Gli elementi peculiari che rendono unici i dipinti di Michelangelo Merisi, detto il “Caravaggio”, sono stati individuati non solo nello stile, ma anche nel processo creativo e nella tecnica esecutiva. Egli stravolse il modo di dipingere, rappresentando la realtà come gli si presentava, senza una gerarchia nella scelta dei soggetti, ne alcuna idealizzazione. La sua presenza in molte città, da Roma a Napoli, fino ad arrivare in Sicilia e a Malta, ha influenzato diversi artisti che sono stati classificati come “scuola caravaggesca”. Una proficua comparazione per approfondire questo tema, è la mostra allestita nella Pinacoteca Civica “Bruno Molajoli” di Fabriano, in provincia di Ancona, dal titolo: “La luce e i silenzi: Orazio Gentileschi e la pittura caravaggesca nelle Marche del Seicento”, a cura di Anna Maria Ambrosini Massari e Alessandro Delpriori, fino all’ 8 dicembre 2019. Orazio Gentileschi, pittore commovente, caravaggesco elegiaco e limpido, rivela uno speciale focus nel momento fabrianese e marchigiano. L’exihibit riunisce i capolavori realizzati in diverse città delle Marche, e da Ancona proviene la sublime “Circoncisione”. Il dipinto si divide in due livelli: in basso si svolge la scena del rito, in alto, invece, sulle nuvole, Dio Padre e gli angeli sembrano controllare e dirigere l’avvenimento sottostante. Gentileschi riesce a creare un perfetto equilibrio tra il realismo caravaggesco e la richiesta di “decoro” della pittura religiosa devozionale. I giochi di luci e ombre, i riflessi sui visi dei personaggi (in particolare si notino i due giovani all’estrema destra e sinistra), ma anche la resa morbida e sciolta dei panneggi o la splendida natura morta sul piano dell’altare, sono tutti dettagli che caratterizzano il moderato naturalismo dell’artista. Una novità-curiosità accattivante, che si deve alla giovane ricercatrice di Sassoferrato, Lucia Panetti, è quella che riconosce il volto di Artemisia, nota figlia del pittore e grande pittrice, all’epoca quattordicenne, nella “Circoncisione”: tra gli angeli nel cielo il suo ritratto è nelle vesti di Santa Cecilia che suona l’organo portativo.

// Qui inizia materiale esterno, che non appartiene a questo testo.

section \<open>Fekete's lemma\<close>

lemma subadditive_mult_le:
  fixes u :: "nat \<Rightarrow> real"
  assumes "\<And>m n. u (m + n) \<le> u m + u n"
  shows "u (q * k) \<le> u 0 + real q * u k"
proof (induction q)
  case (Suc q)
  have "u (Suc q * k) \<le> u k + u (q * k)"
    using assms[of k "q * k"] by simp
  with Suc.IH show ?case by (simp add: algebra_simps)
qed simp

lemma subadditive_div_tendsto_Inf:
  fixes u :: "nat \<Rightarrow> real"
  assumes sub: "\<And>m n. u (m + n) \<le> u m + u n" and nonneg: "\<And>n. 0 \<le> u n"
  shows "(\<lambda>n. u n / real n) \<longlonglongrightarrow> (INF n\<in>{1..}. u n / real n)"
proof -
  define L where "L = (INF n\<in>{1..}. u n / real n)"
  have bdd: "bdd_below ((\<lambda>n. u n / real n) ` {1..})"
    using nonneg by (intro bdd_belowI2[of _ 0]) simp
  have "(\<lambda>n. u n / real n) \<longlonglongrightarrow> L"
  proof (rule order_tendstoI)
    fix a
    assume "a < L"
    then have "a < u n / real n" if "n \<ge> 1" for n
      using cINF_lower[OF bdd, of n] that unfolding L_def by simp
    then show "eventually (\<lambda>n. a < u n / real n) sequentially"
      unfolding eventually_sequentially by blast
  next
    fix a
    assume "L < a"
    then obtain k where k: "k \<ge> 1" "u k / real k < (L + a) / 2"
      using cINF_less_iff[OF _ bdd, of "(L + a) / 2"] unfolding L_def by auto
    define C where "C = u 0 + Max (u ` {..<k})"
    have bound: "u n / real n \<le> u k / real k + C / real n" if "n \<ge> k" for n
    proof -
      define q m where "q = n div k" and "m = n mod k"
      have n: "n = q * k + m" "m < k" "real n > 0"
        using k(1) that unfolding q_def m_def by auto
      have "u n \<le> u (q * k) + u m"
        using sub n(1) by simp
      also have "\<dots> \<le> real q * u k + C"
      proof -
        have "u m \<le> Max (u ` {..<k})"
          using n(2) by (intro Max_ge) auto
        then show ?thesis
          using subadditive_mult_le[OF sub, of q k] unfolding C_def by linarith
      qed
      also have "real q * u k = (real (q * k) / real k) * u k"
        using k(1) by simp
      also have "\<dots> \<le> (real n / real k) * u k"
        using n(1) nonneg[of k] by (intro mult_right_mono divide_right_mono) auto
      finally show ?thesis
        using n(3) by (simp add: field_simps)
    qed
    have "eventually (\<lambda>n. C / real n < (a - L) / 2) sequentially"
      by (rule order_tendstoD(2)[OF lim_const_over_n]) (use \<open>L < a\<close> in simp)
    then show "eventually (\<lambda>n. u n / real n < a) sequentially"
      using eventually_ge_at_top[of k]
    proof (rule eventually_elim2)
      fix n assume "C / real n < (a - L) / 2" "n \<ge> k"
      then show "u n / real n < a"
        using bound[OF \<open>n \<ge> k\<close>] k(2) by argo
    qed
  qed
  then show ?thesis unfolding L_def .
qed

“Circoncisione” (1606-1607)- Orazio Gentileschi.
Dalla città organizzatrice della mostra, da Fabriano, invece, provengono diverse opere, tra cui: “La Vergine del Rosario” (1613-1619), oggi nella Pinacoteca Civica. Al centro, su un trono con dorsale a nicchia, la Madonna e il Bambino donano il rosario a San Domenico (sinistra), e a Santa Caterina da Siena (destra), genuflessi sui gradini rivestiti di un tappeto finemente decorato. Ai lati, in piedi due angeli reggicortina tengono in mano un giglio. In alto, la colomba dello Spirito Santo e quattro angeli. In basso, ai piedi del trono, un fanciullo odora una rosa.
“La Vergine del Rosario” (1613-1619)- Orazio Gentileschi.
Altre opere che provengono da altri centri urbani che si possono ammirare all’interno del percorso espositivo sono: la “Visione di Santa Francesca romana”, oggi a Urbino (Galleria Nazionale delle Marche), l’intensa “Maddalena” per l’Università dei Cartai, nucleo di una stanza tematica in cui Gentileschi viene messo a confronto con Giovan Francesco Guerrieri, il grande caravaggesco marchigiano a cui è riservata una “mostra nella mostra”, oltre alle opere di Giovanni Baglione, Alessandro Turchi e Valentin de Boulogne, di Bartolomeo Manfredi e Antiveduto Gramatica, di Giovanni Serodine e Angelo Caroselli, fino a Carlo Bononi. Delle opere di Giovan Francesco Guerrieri, di notevole valenza è la “Maddalena Penitente” del 1611. La posizione della donna con le braccia conserte al petto, al tavolo con libro e teschio, è caratterizzata da una camicia con gli orli e da fruscianti panneggi.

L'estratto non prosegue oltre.